lemma diag_lift_in_ZW:
  assumes mc: "multicomplex n scale A d" and as: "as \<in> ZW A d k p q" and "0 < k" "k \<le> r"
  shows "map (diag_lift as) [0..<k] \<in> ZW (TCar r A) (Td r d) k p q"
proof -
  have asA: "\<And>i. i < k \<Longrightarrow> as ! i \<in> A (p - int i) (q - int i)"
    and eq: "\<And>l. l < k \<Longrightarrow>
      (\<Sum>i\<le>l. sgnpow i (d i (p - int (l - i)) (q - int (l - i)) (as ! (l - i)))) = 0"
    using as \<open>0 < k\<close> by (auto simp: ZW_def)
  have d0: "\<And>i P Q. d i P Q 0 = 0"
    using mc by (rule multicomplex_d_zero)
  have r: "0 < r"
    using assms by simp
  have lift_mem: "diag_lift as j \<in> TCar r A (p - int j) (q - int j)" if "j < k" for j
    using that assms by (intro diag_lift_in_TCar multicomplex_zero_mem[OF mc] asA) auto
  have lift_witness:
    "(\<Sum>i\<le>l. sgnpow i (Td r d i (p - int (l - i)) (q - int (l - i)) (diag_lift as (l - i)))) = 0"
    if "l < k" for l
  proof (rule ext, unfold zero_fun_apply)
    fix c
    show "(\<Sum>i\<le>l. sgnpow i (Td r d i (p - int (l - i)) (q - int (l - i)) (diag_lift as (l - i)))) c
          = 0"
    proof (cases "c \<in> Cbasis r")
      case False
      then show ?thesis by (simp add: sum_apply sgnpow_apply Td_def)
    next
      case True
      with r show ?thesis
      proof (cases rule: Cbasis_cases)
        case (diag m)
        have "l - m < k"
          using that by simp
        then show ?thesis
          unfolding diag(2) by (intro diag_lift_witness_diag[where d = d, OF d0 r diag(1)]) (blast intro: eq)
      next
        case (offdiag m)
        show ?thesis
          unfolding offdiag(2) using that assms
          by (intro diag_lift_witness_offdiag[where d = d, OF d0 r offdiag(1)]) simp
      qed
    qed
  qed
  show ?thesis
    using lift_mem lift_witness \<open>0 < k\<close> by (simp add: ZW_def)
qed

theorem mainTheorem6:
  fixes scale :: "'r::comm_ring_1 \<Rightarrow> 'a::ab_group_add \<Rightarrow> 'a"
    and A :: "int \<Rightarrow> int \<Rightarrow> 'a set"
    and d :: "nat \<Rightarrow> int \<Rightarrow> int \<Rightarrow> 'a \<Rightarrow> 'a"
    and n :: enat and r k :: nat and p q :: int
  assumes "2 \<le> n"
    and mc: "multicomplex n scale A d"
    and kr: "k \<le> r"
  shows "ZW A d k p q \<subseteq> map phi ` ZW (TCar r A) (Td r d) k p q"
proof
  fix as assume as: "as \<in> ZW A d k p q"
  show "as \<in> map phi ` ZW (TCar r A) (Td r d) k p q"
  proof (cases "k = 0")
    case True
    then obtain a where a: "as = [a]" "a \<in> A p q"
      using as by (auto simp: ZW_def)
    then have "diag_lift as 0 \<in> TCar r A (p - int 0) (q - int 0)"
      by (intro diag_lift_in_TCar multicomplex_zero_mem[OF mc]) auto
    then have "[diag_lift as 0] \<in> ZW (TCar r A) (Td r d) k p q"
      using True by (simp add: ZW_def)
    moreover have "as = map phi [diag_lift as 0]"
      using a by (simp add: phi_diag_lift)
    ultimately show ?thesis by blast
  next
    case False
    have "as = map phi (map (diag_lift as) [0..<k])"
      using as False by (intro nth_equalityI) (auto simp: ZW_def phi_diag_lift)
    then show ?thesis
      using diag_lift_in_ZW[OF mc as] False kr by blast
  qed
qed

end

....

**Task description:** Restate every line of the data above exactly as it was written.

**Task solution:**
lemma diag_lift_in_ZW:
  assumes mc: "multicomplex n scale A d" and as: "as \<in> ZW A d k p q" and "0 < k" "k \<le> r"
  shows "map (diag_lift as) [0..<k] \<in> ZW (TCar r A) (Td r d) k p q"
proof -
  have asA: "\<And>i. i < k \<Longrightarrow> as ! i \<in> A (p - int i) (q - int i)"
    and eq: "\<And>l. l < k \<Longrightarrow>
      (\<Sum>i\<le>l. sgnpow i (d i (p - int (l - i)) (q - int (l - i)) (as ! (l - i)))) = 0"
    using as \<open>0 < k\<close> by (auto simp: ZW_def)
  have d0: "\<And>i P Q. d i P Q 0 = 0"
    using mc by (rule multicomplex_d_zero)
  have r: "0 < r"
    using assms by simp
  have lift_mem: "diag_lift as j \<in> TCar r A (p - int j) (q - int j)" if "j < k" for j
    using that assms by (intro diag_lift_in_TCar multicomplex_zero_mem[OF mc] asA) auto
  have lift_witness:
    "(\<Sum>i\<le>l. sgnpow i (Td r d i (p - int (l - i)) (q - int (l - i)) (diag_lift as (l - i)))) = 0"
    if "l < k" for l
  proof (rule ext, unfold zero_fun_apply)
    fix c
    show "(\<Sum>i\<le>l. sgnpow i (Td r d i (p - int (l - i)) (q - int (l - i)) (diag_lift as (l - i)))) c
          = 0"
    proof (cases "c \<in> Cbasis r")
      case False
      then show ?thesis by (simp add: sum_apply sgnpow_apply Td_def)
    next
      case True
      with r show ?thesis
      proof (cases rule: Cbasis_cases)
        case (diag m)
        have "l - m < k"
          using that by simp
        then show ?thesis
          unfolding diag(2) by (intro diag_lift_witness_diag[where d = d, OF d0 r diag(1)]) (blast intro: eq)
      next
        case (offdiag m)
        show ?thesis
          unfolding offdiag(2) using that assms
          by (intro diag_lift_witness_offdiag[where d = d, OF d0 r offdiag(1)]) simp
      qed
    qed
  qed
  show ?thesis
    using lift_mem lift_witness \<open>0 < k\<close> by (simp add: ZW_def)
qed

theorem mainTheorem6:
  fixes scale :: "'r::comm_ring_1 \<Rightarrow> 'a::ab_group_add \<Rightarrow> 'a"
    and A :: "int \<Rightarrow> int \<Rightarrow> 'a set"
    and d :: "nat \<Rightarrow> int \<Rightarrow> int \<Rightarrow> 'a \<Rightarrow> 'a"
    and n :: enat and r k :: nat and p q :: int
  assumes "2 \<le> n"
    and mc: "multicomplex n scale A d"
    and kr: "k \<le> r"
  shows "ZW A d k p q \<subseteq> map phi ` ZW (TCar r A) (Td r d) k p q"
proof
  fix as assume as: "as \<in> ZW A d k p q"
  show "as \<in> map phi ` ZW (TCar r A) (Td r d) k p q"
  proof (cases "k = 0")
    case True
    then obtain a where a: "as = [a]" "a \<in> A p q"
      using as by (auto simp: ZW_def)
    then have "diag_lift as 0 \<in> TCar r A (p - int 0) (q - int 0)"
      by (intro diag_lift_in_TCar multicomplex_zero_mem[OF mc]) auto
    then have "[diag_lift as 0] \<in> ZW (TCar r A) (Td r d) k p q"
      using True by (simp add: ZW_def)
    moreover have "as = map phi [diag_lift as 0]"
      using a by (simp add: phi_diag_lift)
    ultimately show ?thesis by blast
  next
    case False
    have "as = map phi (map (diag_lift as) [0..<k])"
      using as False by (intro nth_equalityI) (auto simp: ZW_def phi_diag_lift)
    then show ?thesis
      using diag_lift_in_ZW[OF mc as] False kr by blast
  qed
qed

end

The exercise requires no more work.